From the records that follow, copy every line in which "auto" appears.

Data shown below:

definition C2_fun :: "('a::euclidean_space \<Rightarrow> real) \<Rightarrow> bool" where
  "C2_fun g \<longleftrightarrow>
     continuous_on UNIV g \<and>
     (\<forall>v\<in>Basis. \<forall>x. (\<lambda>t. g (x + t *\<^sub>R v)) field_differentiable (at 0)) \<and>
     (\<forall>v\<in>Basis. continuous_on UNIV (dir_deriv g v)) \<and>
     (\<forall>v\<in>Basis. \<forall>w\<in>Basis. \<forall>x.
        (\<lambda>t. dir_deriv g v (x + t *\<^sub>R w)) field_differentiable (at 0)) \<and>
     (\<forall>v\<in>Basis. \<forall>w\<in>Basis. continuous_on UNIV (dir_deriv (dir_deriv g v) w))"

definition d1k :: "('d::finite) \<Rightarrow> (real^'d \<Rightarrow> real^'d \<Rightarrow> real) \<Rightarrow> real^'d \<Rightarrow> real^'d \<Rightarrow> real" where
  "d1k l k x y = dir_deriv (\<lambda>u. k u y) (axis l 1) x"

definition d12k :: "('d::finite) \<Rightarrow> 'd \<Rightarrow> (real^'d \<Rightarrow> real^'d \<Rightarrow> real) \<Rightarrow> real^'d \<Rightarrow> real^'d \<Rightarrow> real" where
  "d12k l m k x y = dir_deriv (\<lambda>u. dir_deriv (\<lambda>v. k u v) (axis m 1) y) (axis l 1) x"

text \<open>RKHS of k, represented through its canonical feature map \<phi> x = k(x,\<cdot>) in a Hilbert
  space 'h: the element f of 'h is the function z \<mapsto> \<langle>f, \<phi> z\<rangle> (reproducing property),
  \<langle>\<phi> x, \<phi> y\<rangle> = k(x,y), and the span of the k(x,\<cdot>) is dense.\<close>
definition is_rkhs_feature ::
  "(real^'d::finite \<Rightarrow> real^'d \<Rightarrow> real) \<Rightarrow> (real^'d \<Rightarrow> 'h::{real_inner,complete_space}) \<Rightarrow> bool" where
  "is_rkhs_feature k \<phi> \<longleftrightarrow> (\<forall>x y. inner (\<phi> x) (\<phi> y) = k x y) \<and> closure (span (range \<phi>)) = UNIV"

definition rk_eval :: "(real^'d::finite \<Rightarrow> 'h::real_inner) \<Rightarrow> 'h \<Rightarrow> real^'d \<Rightarrow> real" where
  "rk_eval \<phi> f z = inner f (\<phi> z)"

definition rk_grad :: "(real^'d::finite \<Rightarrow> 'h::real_inner) \<Rightarrow> 'h \<Rightarrow> real^'d \<Rightarrow> 'd \<Rightarrow> real" where
  "rk_grad \<phi> f x l = dir_deriv (rk_eval \<phi> f) (axis l 1) x"

text \<open>Mean embedding m_\<pi> = \<integral> k(y,\<cdot>) d\<pi>(y), characterised weakly by
  \<langle>f, m_\<pi>\<rangle> = \<integral> f(y) d\<pi>(y) for all f in H.\<close>
definition mean_emb_wd :: "(real^'d::finite \<Rightarrow> 'h::real_inner) \<Rightarrow> (real^'d) measure \<Rightarrow> 'h \<Rightarrow> bool" where
  "mean_emb_wd \<phi> \<pi> m \<longleftrightarrow>
     (\<forall>f. integrable \<pi> (\<lambda>y. inner f (\<phi> y)) \<and> inner f m = (\<integral>y. inner f (\<phi> y) \<partial>\<pi>))"
(* Let $M,N\in\mathbb{S}^{q+r}$. If there exist scalars $\alpha\in\mathbb{R}$ and $\beta>0$ such that $M-\alpha N\ge\begin{bmatrix}\beta I_q&0\\0&0\end{bmatrix}$ ( * ), then $\mathcal{Z}_r^0(N)\subseteq\mathcal{Z}_r^+(M)$. Moreover, if $N\in\boldsymbol{\Pi}_{q,r}$, $N\mid N_{22}=0$ and $M_{22}\le 0$, then $\mathcal{Z}_r^0(N)\subseteq\mathcal{Z}_r^+(M)$ if and only if there exist $\alpha\ge 0$ and $\beta>0$ such that ( * ) holds.
   Context: $\mathbb{S}^k$ denotes the real symmetric $k\times k$ matrices; for symmetric matrices, $A\ge 0$ ($A>0$) means positive semidefinite (definite), $A\le B$ means $B-A\ge0$. $A^\dagger$ is the Moore–Penrose pseudo-inverse. Any $\Pi\in\mathbb{S}^{q+r}$ (in particular $M,N$) is partitioned as $\Pi=\begin{bmatrix}\Pi_{11}&\Pi_{12}\\ \Pi_{21}&\Pi_{22}\end{bmatrix}$ with $\Pi_{11}\in\mathbb{S}^q$, $\Pi_{22}\in\mathbb{S}^r$. The generalized Schur complement is $\Pi\mid\Pi_{22}:=\Pi_{11}-\Pi_{12}\Pi_{22}^\dagger\Pi_{21}$. The set $\boldsymbol{\Pi}_{q,r}$ consists of all $\Pi\in\mathbb{S}^{q+r}$ with $\Pi_{22}\le 0$, $\Pi\mid\Pi_{22}\ge 0$ and $\ker\Pi_{22}\subseteq\ker\Pi_{12}$. Define $\mathcal{Z}_r^+(\Pi)=\{Z\in\mathbb{R}^{r\times q}:\begin{bmatrix}I_q\\ Z\end{bmatrix}^\top\Pi\begin{bmatrix}I_q\\ Z\end{bmatrix}> 0\}$ and $\mathcal{Z}_r^0(\Pi)$ the same with $=0$. *)

theory Defs
  imports "HOL-Analysis.Analysis"
begin

text \<open>A (q+r)x(q+r) matrix has
  index type \<open>'q + 'r\<close>; rows/columns \<open>Inl i\<close> form the first block (size q),
  \<open>Inr j\<close> the second block (size r).\<close>

definition sym_mat :: "real^'n^'n \<Rightarrow> bool" where
  "sym_mat A \<longleftrightarrow> transpose A = A"

definition psd :: "real^'n^'n \<Rightarrow> bool" where
  "psd A \<longleftrightarrow> (\<forall>x. 0 \<le> x \<bullet> (A *v x))"

definition pd :: "real^'n^'n \<Rightarrow> bool" where
  "pd A \<longleftrightarrow> (\<forall>x. x \<noteq> 0 \<longrightarrow> 0 < x \<bullet> (A *v x))"

definition loewner_le :: "real^'n^'n \<Rightarrow> real^'n^'n \<Rightarrow> bool" where
  "loewner_le A B \<longleftrightarrow> psd (B - A)"

definition pinv :: "real^'n^'m \<Rightarrow> real^'m^'n" where
  "pinv A = (THE X. A ** X ** A = A \<and> X ** A ** X = X \<and>
               transpose (A ** X) = A ** X \<and> transpose (X ** A) = X ** A)"

definition blk11 :: "real^('q::finite+'r::finite)^('q+'r) \<Rightarrow> real^'q^'q" where
  "blk11 P = (\<chi> i j. P $ Inl i $ Inl j)"
definition blk12 :: "real^('q::finite+'r::finite)^('q+'r) \<Rightarrow> real^'r^'q" where
  "blk12 P = (\<chi> i j. P $ Inl i $ Inr j)"
definition blk21 :: "real^('q::finite+'r::finite)^('q+'r) \<Rightarrow> real^'q^'r" where
  "blk21 P = (\<chi> i j. P $ Inr i $ Inl j)"
definition blk22 :: "real^('q::finite+'r::finite)^('q+'r) \<Rightarrow> real^'r^'r" where
  "blk22 P = (\<chi> i j. P $ Inr i $ Inr j)"

definition schur :: "real^('q::finite+'r::finite)^('q+'r) \<Rightarrow> real^'q^'q" where
  "schur P = blk11 P - blk12 P ** pinv (blk22 P) ** blk21 P"

definition PiSet :: "(real^('q::finite+'r::finite)^('q+'r)) set" where
  "PiSet = {P. sym_mat P \<and> loewner_le (blk22 P) 0 \<and> loewner_le 0 (schur P) \<and>
                {x. blk22 P *v x = 0} \<subseteq> {x. blk12 P *v x = 0}}"

definition stackIZ :: "real^'q^'r \<Rightarrow> real^'q^('q+'r)" where
  "stackIZ Z = (\<chi> i j. case i of Inl a \<Rightarrow> (if a = j then 1 else 0) | Inr k \<Rightarrow> Z $ k $ j)"

definition Zplus :: "real^('q::finite+'r::finite)^('q+'r) \<Rightarrow> (real^'q^'r) set" where
  "Zplus P = {Z. pd (transpose (stackIZ Z) ** P ** stackIZ Z)}"

definition Zzero :: "real^('q::finite+'r::finite)^('q+'r) \<Rightarrow> (real^'q^'r) set" where
  "Zzero P = {Z. transpose (stackIZ Z) ** P ** stackIZ Z = 0}"

definition betaI :: "real \<Rightarrow> real^('q::finite+'r::finite)^('q+'r)" where
  "betaI \<beta> = (\<chi> i j. case i of
       Inl a \<Rightarrow> (case j of Inl b \<Rightarrow> (if a = b then \<beta> else 0) | Inr _ \<Rightarrow> 0)
     | Inr _ \<Rightarrow> 0)"

end

theory Submission
  imports Defs
begin

text \<open>
  Sufficiency: if \<open>Z\<close> lies in \<open>Z0(N)\<close>, the vector \<open>x = [I; Z] y\<close> has \<open>x'Nx = 0\<close>, hence
  \<open>x'Mx \<ge> \<beta> |y|^2 > 0\<close>.

  Necessity: because \<open>N | N22 = 0\<close> and \<open>ker N22 \<subseteq> ker N12\<close>, the pseudo-inverse gives
  \<open>N21 = N22 K\<close> and \<open>N = S' N22 S\<close> for the block row \<open>S = [K I]\<close>. Hence \<open>x'Nx \<le> 0\<close>, with
  equality iff \<open>Sx \<in> ker N22\<close>. Rank-one perturbations of \<open>-K\<close> lie in \<open>Z0(N)\<close>, so \<open>M\<close> is
  positive on all nonzero such \<open>x\<close> with nonzero upper block; with \<open>M22 \<le> 0\<close> this forces
  \<open>M\<close> to vanish on \<open>[0; ker N22]\<close>. On the compact set of unit vectors orthogonal to
  \<open>[0; ker N22]\<close> either \<open>x'Nx < 0\<close> or \<open>x'Mx > 0\<close>, so a finite subcover yields one \<open>\<alpha>\<close> with
  \<open>x'(M - \<alpha>N)x > 1/\<alpha>\<close> there; homogeneity and invariance under \<open>[0; ker N22]\<close> extend
  this to \<open>M - \<alpha>N \<ge> diag(I/\<alpha>, 0)\<close>.
\<close>

section \<open>Symmetric matrices and the Moore--Penrose inverse\<close>

lemma symmetric_matrix_inner:
  fixes A :: "real^'n^'n"
  assumes "transpose A = A"
  shows "(A *v x) \<bullet> y = x \<bullet> (A *v y)"
  by (metis assms dot_lmul_matrix inner_commute transpose_matrix_vector)

lemma transpose_eq_selfI:
  fixes B :: "real^'n^'n"
  assumes "\<And>u w. u \<bullet> (B *v w) = (B *v u) \<bullet> w"
  shows "transpose B = B"
proof -
  have "(transpose B *v u - B *v u) \<bullet> w = 0" for u w
    using assms[of u w] by (simp add: dot_lmul_matrix inner_diff_left)
  then have "transpose B *v u = B *v u" for u
    by (metis inner_eq_zero_iff eq_iff_diff_eq_0)
  then show ?thesis by (simp add: matrix_eq)
qed

lemma symmetric_matrix_kernel_of_orthogonal_range:
  fixes A :: "real^'n^'n"
  assumes "transpose A = A" and "\<And>s. q \<bullet> (A *v s) = 0"
  shows "A *v q = 0"
proof -
  have "(A *v q) \<bullet> (A *v q) = q \<bullet> (A *v (A *v q))"
    by (rule symmetric_matrix_inner[OF assms(1)])
  then show ?thesis using assms(2) by simp
qed

lemma symmetric_matrix_range_kernel_decomp:
  fixes A :: "real^'n^'n"
  assumes "transpose A = A"
  obtains s k where "y = A *v s + k" and "A *v k = 0"
proof -
  let ?R = "range ((*v) A)"
  have span_R: "span ?R = ?R"
    by (simp add: linear_subspace_image)
  obtain p k where p: "p \<in> span ?R" and k: "\<And>w. w \<in> span ?R \<Longrightarrow> orthogonal k w"
    and y: "y = p + k"
    using orthogonal_subspace_decomp_exists[of ?R y] by blast
  have "A *v k = 0"
    using assms by (rule symmetric_matrix_kernel_of_orthogonal_range)
      (use k span_R in \<open>auto simp: orthogonal_def\<close>)
  with p y span_R that show thesis by auto
qed
(* Let $C_g$ and $C_h$ be two monotone curves in $[0,N-k]\times[0,k]$ such that $\lfloor g(j)\rfloor=\lfloor h(j)\rfloor$ for every $j=1,\dots,N-k-1$. Then the links $L_g$ and $L_h$ are isotopic.
   Context: Fix $1\le k<N$. A monotone curve $C_g$ is the graph of a strictly increasing function $g:[0,N-k]\to[0,k]$ with $g(0)=0$, $g(N-k)=k$, and $g(j)\notin\mathbb Z$ for $j=1,\dots,N-k-1$. The link $L_g$ is defined as follows. Map each point $p=(x,g(x))$ of $C_g$ to $(\bar p,\,1-\frac x{N-k})\in T\times[0,1]$, where $\bar p$ is the image of $p$ in the torus $T=\mathbb R^2/\mathbb Z^2$. Then join $((0,0),1)$ to $((0,0),0)$ by a vertical segment. Equivalently, the diagram of $L_g$ on $T$ is the projection of $C_g$. Wherever two points $(x,g(x))$ and $(x',g(x'))$ with $x<x'$ project to the same point, the strand through $(x,g(x))$ is drawn above. $L_g$ is viewed as a link in the thickened torus $T\times[0,1]$, and isotopy is taken there. *)

theory Defs
  imports "HOL-Analysis.Analysis"
begin

text \<open>The torus T = R^2/Z^2 is modelled as S^1 x S^1 (unit circles in the complex plane)
  via (x,y) |-> (e^{2 pi i x}, e^{2 pi i y}); the thickened torus is T x [0,1].\<close>

definition circ :: "real \<Rightarrow> complex" where
  "circ x = cis (2 * pi * x)"

definition thickened_torus :: "(complex \<times> complex \<times> real) set" where
  "thickened_torus = sphere 0 1 \<times> sphere 0 1 \<times> {0..1}"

End of Data shown.

- **Reply**:
      (use k span_R in \<open>auto simp: orthogonal_def\<close>)
  with p y span_R that show thesis by auto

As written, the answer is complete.